Esquire named Kroc to a list of fifty people who contributed most to American life in the twentieth century. TIME placed him among the hundred most important people of the century, in an entry written by the French chef Jacques Pépin, who — with exquisite irony — had spent the 1960s working at Howard Johnson's on Queens Boulevard in New York, watching the old model of American dining collapse as Kroc's system devoured the landscape. Pépin called him "the ultimate salesman." It was accurate but incomplete. Kroc was also the ultimate replicator, the ultimate standardizer, the man who took someone else's brilliant idea and subjected it to such relentless, obsessive, evangelical duplication that the idea ceased to be an idea and became a fact of American life — as universal as electricity, as inescapable as the automobile, as fundamental to the national identity as the highway system that carried customers to his restaurants.
The Arches at Dusk
There is a photograph, taken sometime in the mid-1980s, of the McDonald's Museum in Des Plaines — a replica of the original 1955 restaurant, rebuilt on the same site after the actual building was demolished and remodeled beyond recognition. The replica is precise: the red-and-white tile, the golden arches, the walk-up windows, the Speedee mascot on the sign. It sits on Lee Street as a monument to what began there, though the thing it commemorates — a fifty-two-year-old salesman's desperate, brilliant, morally complicated bet on someone else's idea — is not the kind of story that fits easily on a plaque.
In 2018, McDonald's demolished the replica, too. The corporate decision drew little protest. The company had long since outgrown the need for a physical origin story. It had 36,000 restaurants in more than a hundred countries. It served 69 million customers a day. The golden arches, which Dick McDonald had sketched on the back of a napkin because he thought the roofline needed something, had become the second most widely recognized trademark in the world — after, depending on the survey, either the Christian cross or the Olympic rings.

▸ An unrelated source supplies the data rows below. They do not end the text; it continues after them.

(* Let $u,v\in\mathfrak{U}(\mathbb{R})$ be such that each is the restriction to $[-\beta,\beta]$ of an element of $\mathcal{C}^1(\mathbb{R})^*$, and let $\gamma_n<\gamma_m$ be in $\Gamma$. Then $$\int_{\gamma_n}^{\gamma_m}Du(x)v(x)\,dx=-\int_{\gamma_n}^{\gamma_m}u(x)Dv(x)\,dx+u^-(\gamma_m)v^-(\gamma_m)-u^+(\gamma_n)v^+(\gamma_n).$$
   Context: Framework (Λ-limits / nonstandard analysis): $\mathfrak{X}=\mathcal{P}_{fin}(\mathfrak{F}(\mathbb{R},\mathbb{R}))$ directed by inclusion; $\mathbb{R}^*\supset\mathbb{R}$ is a non-Archimedean ordered field of Λ-limits of nets $\mathfrak{X}\to\mathbb{R}$; internal sets/functions, natural extensions $E^*,f^*$, hyperfinite sums are defined via Λ-limits; for internal $u$, $\int_a^bu\,dx$ means $(\int_a^b)^*u\,dx$. For $\lambda\in\mathfrak{X}$, $V_\lambda$ is the span of $\lambda$; an internal $u=\lim_{\lambda\uparrow\Lambda}u_\lambda$ is an ultrafunction if $u_\lambda\in V_\lambda$ for all $\lambda$; for a vector space $W$ of real functions, $\widetilde{W}=W^*\cap\{\text{ultrafunctions}\}$. Grid: a positive infinite $\beta\in\mathbb{R}^*$, a hyperfinite $\Gamma=\{\gamma_0<\dots<\gamma_\ell\}\subset\mathbb{R}^*$ with $\gamma_0=-\beta$, $\gamma_\ell=\beta$, $0<\gamma_{j+1}-\gamma_j<\eta$ for a fixed infinitesimal $\eta$, and $\mathbb{R}\subseteq\Gamma$; $\mathbb{I}_j=(\gamma_j,\gamma_{j+1})_{\mathbb{R}^*}$ with characteristic function $\chi_j$. $\mathfrak{U}(\mathbb{R})$: functions $u:[-\beta,\beta]\to\mathbb{R}^*$ of the form $\sum_{j=0}^{\ell-1}v_j\chi_j$ with $v_j\in\widetilde{\mathcal{C}^1(\mathbb{R})}$, with the $L^2$ inner product $\int^*uv$. $u^\pm(\gamma_j)=u(\gamma_j^\pm)$ are internal one-sided limits at grid points; values at grid points: $u(\gamma_j)=\tfrac12(u(\gamma_j^+)+u(\gamma_j^-))$ for $1\le j\le\ell-1$, $u(-\beta)=u(\gamma_0^+)$, $u(\beta)=u(\gamma_\ell^-)$. For $q\in[-\beta,\beta]$, $\delta_q$ is the unique element of $\mathfrak{U}(\mathbb{R})$ with $\int^*w\delta_q=w(q)$ for all $w\in\mathfrak{U}(\mathbb{R})$. Derivative: for $u=\sum_jv_j\chi_j\in\mathfrak{U}(\mathbb{R})$, $u'=\sum_jv_j'\chi_j$, $P_{\mathfrak{U}}$ the orthogonal projection onto $\mathfrak{U}(\mathbb{R})$, $\triangle u(\gamma_j)=u(\gamma_j^+)-u(\gamma_j^-)$, and $Du=P_{\mathfrak{U}}u'+\sum_{j=1}^{\ell-1}\triangle u(\gamma_j)\delta_{\gamma_j}$. *)

theory Defs
  imports "HOL-Analysis.Analysis"
begin
lemma extreme_rays_C_BZ: "{R. extreme_ray_of R C_BZ} = ray ` fund ` {..<8}"
proof
  show "{R. extreme_ray_of R C_BZ} \<subseteq> ray ` fund ` {..<8}"
    using extreme_ray_of_C_BZ_imp_fund by blast
  show "ray ` fund ` {..<8} \<subseteq> {R. extreme_ray_of R C_BZ}"
    unfolding extreme_ray_of_def using fund_nonzero ray_fund_face_of_C_BZ by blast
qed

lemma card_fund_rays: "card (ray ` fund ` {..<8}) = 8"
proof -
  have "inj_on (ray \<circ> fund) {..<8}"
  proof (rule inj_onI)
    fix i j assume ij: "i \<in> {..<8}" "j \<in> {..<8}" "(ray \<circ> fund) i = (ray \<circ> fund) j"
    then have "fund i \<in> ray (fund j)"
      using in_ray_self[of "fund i"] by simp
    then show "i = j"
      using fund_eq_scaleR_fund_imp_eq ij by (auto simp: ray_def)
  qed
  from card_image[OF this] show ?thesis
    by (simp add: image_comp)
qed

section \<open>Automorphisms permute the fundamental triangles\<close>

lemma Lambda_BZ_subset_V_BZ: "Lambda_BZ \<subseteq> V_BZ"
  by (auto simp: Lambda_BZ_def)

lemma BZ_triangles_subset_Lambda_BZ: "BZ_triangles \<subseteq> Lambda_BZ"
  by (auto simp: BZ_triangles_def)

lemma Lambda_BZ_add: "x \<in> Lambda_BZ \<Longrightarrow> y \<in> Lambda_BZ \<Longrightarrow> x + y \<in> Lambda_BZ"
  unfolding Lambda_BZ_def V_BZ_def by auto

lemma Lambda_BZ_scaleR_Ints: "k \<in> \<int> \<Longrightarrow> x \<in> Lambda_BZ \<Longrightarrow> k *\<^sub>R x \<in> Lambda_BZ"
  unfolding Lambda_BZ_def V_BZ_def by (auto simp: right_diff_distrib[symmetric])

lemma zero_in_Lambda_BZ: "0 \<in> Lambda_BZ"
  unfolding Lambda_BZ_def V_BZ_def by auto

lemma Lambda_BZ_Ints_combination:
  assumes "finite A" "\<forall>i\<in>A. c i \<in> \<int> \<and> v i \<in> Lambda_BZ"
  shows "(\<Sum>i\<in>A. c i *\<^sub>R v i) \<in> Lambda_BZ"
  using assms by (induction A rule: finite_induct)
    (auto intro: zero_in_Lambda_BZ Lambda_BZ_add Lambda_BZ_scaleR_Ints)

lemma G_BZ_add: "f \<in> G_BZ \<Longrightarrow> x \<in> Lambda_BZ \<Longrightarrow> y \<in> Lambda_BZ \<Longrightarrow> f (x + y) = f x + f y"
  by (simp add: G_BZ_def)

lemma G_BZ_inj_on: "f \<in> G_BZ \<Longrightarrow> inj_on f Lambda_BZ"
  by (simp add: G_BZ_def bij_betw_def)

lemma G_BZ_zero: "f \<in> G_BZ \<Longrightarrow> f 0 = 0"
  using G_BZ_add[of f 0 0] zero_in_Lambda_BZ by simp

lemma G_BZ_scaleR_Ints:
  assumes f: "f \<in> G_BZ" and k: "k \<in> \<int>" and x: "x \<in> Lambda_BZ"
  shows "f (k *\<^sub>R x) = k *\<^sub>R f x"
proof -
  obtain n where n: "k = of_int n"
    using k by (auto elim: Ints_cases)
  have step: "f (of_int (n + 1) *\<^sub>R x) = f (of_int n *\<^sub>R x) + f x" for n
    using G_BZ_add[OF f Lambda_BZ_scaleR_Ints[OF Ints_of_int x] x] by (simp add: algebra_simps)
  have "f (of_int n *\<^sub>R x) = of_int n *\<^sub>R f x"
  proof (induction n rule: int_induct[where k = 0])
    case base
    then show ?case using G_BZ_zero[OF f] by simp
  next
    case (step1 n)
    then show ?case using step[of n] by (simp add: algebra_simps)
  next
    case (step2 n)
    then show ?case using step[of "n - 1"] by (simp add: algebra_simps)
  qed
  then show ?thesis
    using n by simp
qed

lemma G_BZ_Ints_combination:
  assumes f: "f \<in> G_BZ" and "finite A" "\<forall>i\<in>A. c i \<in> \<int> \<and> v i \<in> Lambda_BZ"
  shows "f (\<Sum>i\<in>A. c i *\<^sub>R v i) = (\<Sum>i\<in>A. c i *\<^sub>R f (v i))"
  using assms(2,3)
proof (induction A rule: finite_induct)
  case empty
  then show ?case using G_BZ_zero[OF f] by simp
next
  case (insert a A)
  then have "f (\<Sum>i\<in>insert a A. c i *\<^sub>R v i) = f (c a *\<^sub>R v a) + f (\<Sum>i\<in>A. c i *\<^sub>R v i)"
    by (simp add: G_BZ_add[OF f] Lambda_BZ_scaleR_Ints Lambda_BZ_Ints_combination)
  then show ?case
    using insert by (simp add: G_BZ_scaleR_Ints[OF f])
qed

lemma G_BZ_eqI:
  assumes f: "f \<in> G_BZ" and g: "g \<in> G_BZ" and fund_eq: "\<forall>i<8. f (fund i) = g (fund i)"
  shows "f = g"
proof (rule extensionalityI)
  show "f \<in> extensional Lambda_BZ" "g \<in> extensional Lambda_BZ"
    using f g by (simp_all add: G_BZ_def)
  fix x assume "x \<in> Lambda_BZ"
  then obtain c :: "nat \<Rightarrow> int" where x: "x = (\<Sum>i<8. of_int (c i) *\<^sub>R fund i)"
    by (auto simp: Lambda_BZ_iff_int_combination)
  have "f x = (\<Sum>i<8. of_int (c i) *\<^sub>R f (fund i))"
    unfolding x using fund_in_Lambda_BZ by (intro G_BZ_Ints_combination[OF f]) auto
  also have "\<dots> = (\<Sum>i<8. of_int (c i) *\<^sub>R g (fund i))"
    using fund_eq by simp
  also have "\<dots> = g x"
    unfolding x using fund_in_Lambda_BZ by (intro G_BZ_Ints_combination[OF g, symmetric]) auto
  finally show "f x = g x" .
qed

definition indecomposable_BZ :: "real^9 \<Rightarrow> bool" where
  "indecomposable_BZ x \<longleftrightarrow> x \<in> BZ_triangles \<and> x \<noteq> 0 \<and>
     (\<forall>a\<in>BZ_triangles. \<forall>b\<in>BZ_triangles. x = a + b \<longrightarrow> a = 0 \<or> b = 0)"
(* Consider the following two-player game with parameters $N\ge 1$ (number of bins), a positive integer $b\ge 1$, and thresholds $k>k'\ge 0$. Initially there are $N$ bins, each containing at most $k'$ balls. In each round, first Player I removes a bin of largest size (number of balls) among the remaining bins, and then Player II adds balls to the remaining bins, at most $b$ balls in total in that round, distributed arbitrarily. Player II wins if at some moment some remaining bin contains $k$ balls; Player I wins if all bins are removed before this happens. If $b<\frac{k-k'}{\ln N+1}$, then Player I wins against every strategy of Player II. *)

theory Defs
  imports Complex_Main
begin

text \<open>A play of the bins game, as a sequence of positions indexed by rounds t = 0..N.
  S t is the set of remaining bins (bins are 0..N-1) before round t+1,
  L t i is the number of balls in bin i at that time.\<close>

definition bins_round ::
  "nat \<Rightarrow> nat set \<Rightarrow> (nat \<Rightarrow> nat) \<Rightarrow> nat set \<Rightarrow> (nat \<Rightarrow> nat) \<Rightarrow> bool" where
  "bins_round b S L S' L' \<longleftrightarrow>
     (\<exists>r \<in> S. (\<forall>j \<in> S. L j \<le> L r) \<and> S' = S - {r}
        \<and> (\<forall>i \<in> S'. L i \<le> L' i)
        \<and> (\<Sum>i\<in>S'. (L' i - L i)) \<le> b)"

definition bins_play ::
  "nat \<Rightarrow> nat \<Rightarrow> nat \<Rightarrow> (nat \<Rightarrow> nat set) \<Rightarrow> (nat \<Rightarrow> nat \<Rightarrow> nat) \<Rightarrow> bool" where
  "bins_play N k' b S L \<longleftrightarrow>
     S 0 = {..<N} \<and> (\<forall>i \<in> S 0. L 0 i \<le> k')
     \<and> (\<forall>t < N. bins_round b (S t) (L t) (S (Suc t)) (L (Suc t)))"

end

theory Submission
  imports Defs "HOL-Analysis.Harmonic_Numbers"
begin

text \<open>Fix a bin that survives until round s+d. Going back one round at a time, the bin removed
  in that round was at least as full as every bin of the current witness set, so adding it to
  the set does not decrease the average load, while undoing the round lowers the average of a
  set of size m by at most b/m. Hence the final load is at most the average initial load of
  some d+1 bins plus b\<cdot>H(d), and H(d) \<le> H(N) \<le> ln N + 1.\<close>

lemma harm_le_ln_plus_1:
  assumes "n > 0"
  shows "harm n \<le> ln (real n) + (1::real)"
proof -
  obtain m where m: "n = Suc m" using assms by (cases n) auto
  have "harm (Suc m) - ln (real (Suc m)) \<le> harm (Suc 0) - ln (real (Suc 0))"
    using decseq_harm_diff_ln[unfolded decseq_def, rule_format, of 0 m] by simp
  then show ?thesis using m by (simp add: harm_Suc harm_def)
qed

lemma mean_le_mean_insert_upper_bound:
  fixes f :: "'a \<Rightarrow> real"
  assumes "finite W" "W \<noteq> {}" "r \<notin> W" "\<forall>j\<in>W. f j \<le> f r"
  shows "sum f W / card W \<le> sum f (insert r W) / card (insert r W)"
proof -
  have "sum f W \<le> card W * f r"
    using sum_bounded_above[of W f "f r"] assms(4) by simp
  moreover have "card W > 0" using assms(1,2) by (simp add: card_gt_0_iff)
  ultimately show ?thesis using assms(1,3) by (simp add: field_simps)
qed

lemma bins_round_sum_le:
  assumes round: "bins_round b S L S' L'" and "finite S'" "W \<subseteq> S'"
  shows "(\<Sum>j\<in>W. L' j) \<le> (\<Sum>j\<in>W. L j) + b"
proof -
  from round have grow: "\<forall>j\<in>S'. L j \<le> L' j" and added: "(\<Sum>j\<in>S'. L' j - L j) \<le> b"
    by (auto simp: bins_round_def)
  have "(\<Sum>j\<in>W. L' j) = (\<Sum>j\<in>W. L j) + (\<Sum>j\<in>W. L' j - L j)"
    using grow \<open>W \<subseteq> S'\<close> by (simp add: sum.distrib[symmetric] subset_iff)
  also have "(\<Sum>j\<in>W. L' j - L j) \<le> (\<Sum>j\<in>S'. L' j - L j)"
    by (rule sum_mono2) (use assms(2,3) in auto)
  finally show ?thesis using added by linarith
qed

lemma bins_round_mean_step:
  assumes round: "bins_round b S L S' L'" and "finite S" "W \<subseteq> S'" "W \<noteq> {}"
  shows "\<exists>r \<in> S - W. (\<Sum>j\<in>W. real (L' j)) / card W
           \<le> (\<Sum>j\<in>insert r W. real (L j)) / card (insert r W) + b / card W"
proof -
  from round obtain r where r: "r \<in> S" "\<forall>j\<in>S. L j \<le> L r" "S' = S - {r}"
    by (auto simp: bins_round_def)
  have "finite S'" "finite W" using assms(2,3) r(3) finite_subset by auto
  have rW: "r \<notin> W" using assms(3) r(3) by auto
  have "real (\<Sum>j\<in>W. L' j) \<le> real ((\<Sum>j\<in>W. L j) + b)"
    using bins_round_sum_le[OF round \<open>finite S'\<close> assms(3)] by (simp only: of_nat_le_iff)
  then have "(\<Sum>j\<in>W. real (L' j)) / card W \<le> ((\<Sum>j\<in>W. real (L j)) + b) / card W"
    by (intro divide_right_mono) auto
  moreover have "(\<Sum>j\<in>W. real (L j)) / card W
      \<le> (\<Sum>j\<in>insert r W. real (L j)) / card (insert r W)"
    using mean_le_mean_insert_upper_bound[where f = "\<lambda>j. real (L j)"] \<open>finite W\<close> assms(3,4) r rW
    by (auto simp: subset_iff)
  ultimately have "(\<Sum>j\<in>W. real (L' j)) / card W
      \<le> (\<Sum>j\<in>insert r W. real (L j)) / card (insert r W) + b / card W"
    by (simp add: add_divide_distrib)
  then show ?thesis using r(1) rW by blast
qed

lemma bins_play_round:
  "bins_play N k' b S L \<Longrightarrow> t < N \<Longrightarrow> bins_round b (S t) (L t) (S (Suc t)) (L (Suc t))"
  by (simp add: bins_play_def)

lemma bins_play_finite:
  assumes play: "bins_play N k' b S L"
  shows "t \<le> N \<Longrightarrow> finite (S t)"
proof (induction t)
  case 0
  then show ?case using play by (simp add: bins_play_def)
next
  case (Suc t)
  then have "bins_round b (S t) (L t) (S (Suc t)) (L (Suc t))"
    using bins_play_round[OF play] by simp
  then obtain r where "S (Suc t) = S t - {r}" by (auto simp: bins_round_def)
  with Suc show ?case by simp
qed

lemma bins_play_load_le_mean_plus_harm:
  assumes play: "bins_play N k' b S L"
  shows "s + d \<le> N \<Longrightarrow> i \<in> S (s + d) \<Longrightarrow> \<exists>W \<subseteq> S s. card W = Suc d \<and>
           real (L (s + d) i) \<le> (\<Sum>j\<in>W. real (L s j)) / Suc d + b * harm d"
proof (induction d arbitrary: s)
  case 0
  then show ?case by (intro exI[of _ "{i}"]) (auto simp: harm_def)
next
  case (Suc d)
  have "Suc s + d \<le> N" "i \<in> S (Suc s + d)" using Suc.prems by simp_all
  from Suc.IH[OF this] obtain W where W: "W \<subseteq> S (Suc s)" "card W = Suc d"
    and IH: "real (L (Suc s + d) i) \<le> (\<Sum>j\<in>W. real (L (Suc s) j)) / Suc d + b * harm d"
    by blast
  have "s < N" using Suc.prems by simp
  note round = bins_play_round[OF play this]
  have "W \<noteq> {}" using W(2) by auto
  from bins_round_mean_step[OF round bins_play_finite[OF play] W(1) this] \<open>s < N\<close>
  obtain r where r: "r \<in> S s - W" and step: "(\<Sum>j\<in>W. real (L (Suc s) j)) / card W
      \<le> (\<Sum>j\<in>insert r W. real (L s j)) / card (insert r W) + b / card W"
    by auto
  have card: "card (insert r W) = Suc (Suc d)"
    using W(2) r by (simp add: card_insert_if card_ge_0_finite)
  have "b / Suc d + b * harm d = b * harm (Suc d)"
    by (simp add: harm_Suc divide_inverse distrib_left)
  then have "real (L (s + Suc d) i)
      \<le> (\<Sum>j\<in>insert r W. real (L s j)) / Suc (Suc d) + b * harm (Suc d)"
    using IH[unfolded add_Suc_shift] step[unfolded card W(2)] by linarith
  moreover have "insert r W \<subseteq> S s"
    using W(1) r round by (auto simp: bins_round_def)
  ultimately show ?case using card by blast
qed

theorem mainTheorem6:
  fixes N b k k' :: nat and S :: "nat \<Rightarrow> nat set" and L :: "nat \<Rightarrow> nat \<Rightarrow> nat"
  assumes "N \<ge> 1" and "b \<ge> 1" and "k > k'"
    and "real b < (real k - real k') / (ln (real N) + 1)"
    and "bins_play N k' b S L"
  shows "\<forall>t \<le> N. \<forall>i \<in> S t. L t i < k"
proof (intro allI impI ballI)
  fix t i assume "t \<le> N" "i \<in> S t"
  then obtain W where W: "W \<subseteq> S 0" "card W = Suc t"
    and load: "real (L t i) \<le> (\<Sum>j\<in>W. real (L 0 j)) / Suc t + b * harm t"
    using bins_play_load_le_mean_plus_harm[OF assms(5), of 0 t] by auto
  have initial: "\<forall>j \<in> S 0. L 0 j \<le> k'" using assms(5) by (simp add: bins_play_def)
  have "(\<Sum>j\<in>W. real (L 0 j)) \<le> card W * real k'"
    using sum_bounded_above[of W "\<lambda>j. real (L 0 j)" "real k'"] W(1) initial by auto
  then have mean: "(\<Sum>j\<in>W. real (L 0 j)) / Suc t \<le> k'"
    using W(2) by (simp add: field_simps)
  have "harm t \<le> (harm N :: real)" using \<open>t \<le> N\<close> by (rule harm_mono)
  also have "\<dots> \<le> ln (real N) + 1" using assms(1) by (intro harm_le_ln_plus_1) simp
  finally have "b * harm t \<le> b * (ln (real N) + 1)" by (rule mult_left_mono) simp
  also have "\<dots> < real k - real k'"
  proof -
    have "ln (real N) \<ge> 0" using assms(1) by (intro ln_ge_zero) simp
    then have "ln (real N) + 1 > 0" by simp
    then show ?thesis using assms(4) by (simp add: pos_less_divide_eq)
  qed
  finally have "b * harm t < real k - real k'" .
  then show "L t i < k" using load mean by linarith
qed

end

Somewhere in San Bernardino, on the corner of North E Street and West 14th Street, there is nothing left of the brothers' original octagonal restaurant — the place where the eight Multimixers churned forty shakes at once in the desert heat, where the Speedee Service System turned hamburger preparation into industrial choreography, where a traveling milkshake salesman with diabetes and arthritis and a failing marriage looked through the window and saw, with the clarity of a man who had been waiting his whole life for exactly this, the future. The building is gone. The brothers are gone. The name remains — golden, glowing, visible from the highway at dusk, the same in Houston as it is in Moscow, in Tokyo, in São Paulo — a pair of arches curving upward like the parentheses around a promise Ray Kroc made to a country that was hungry for something fast, cheap, familiar, and exactly the same every time.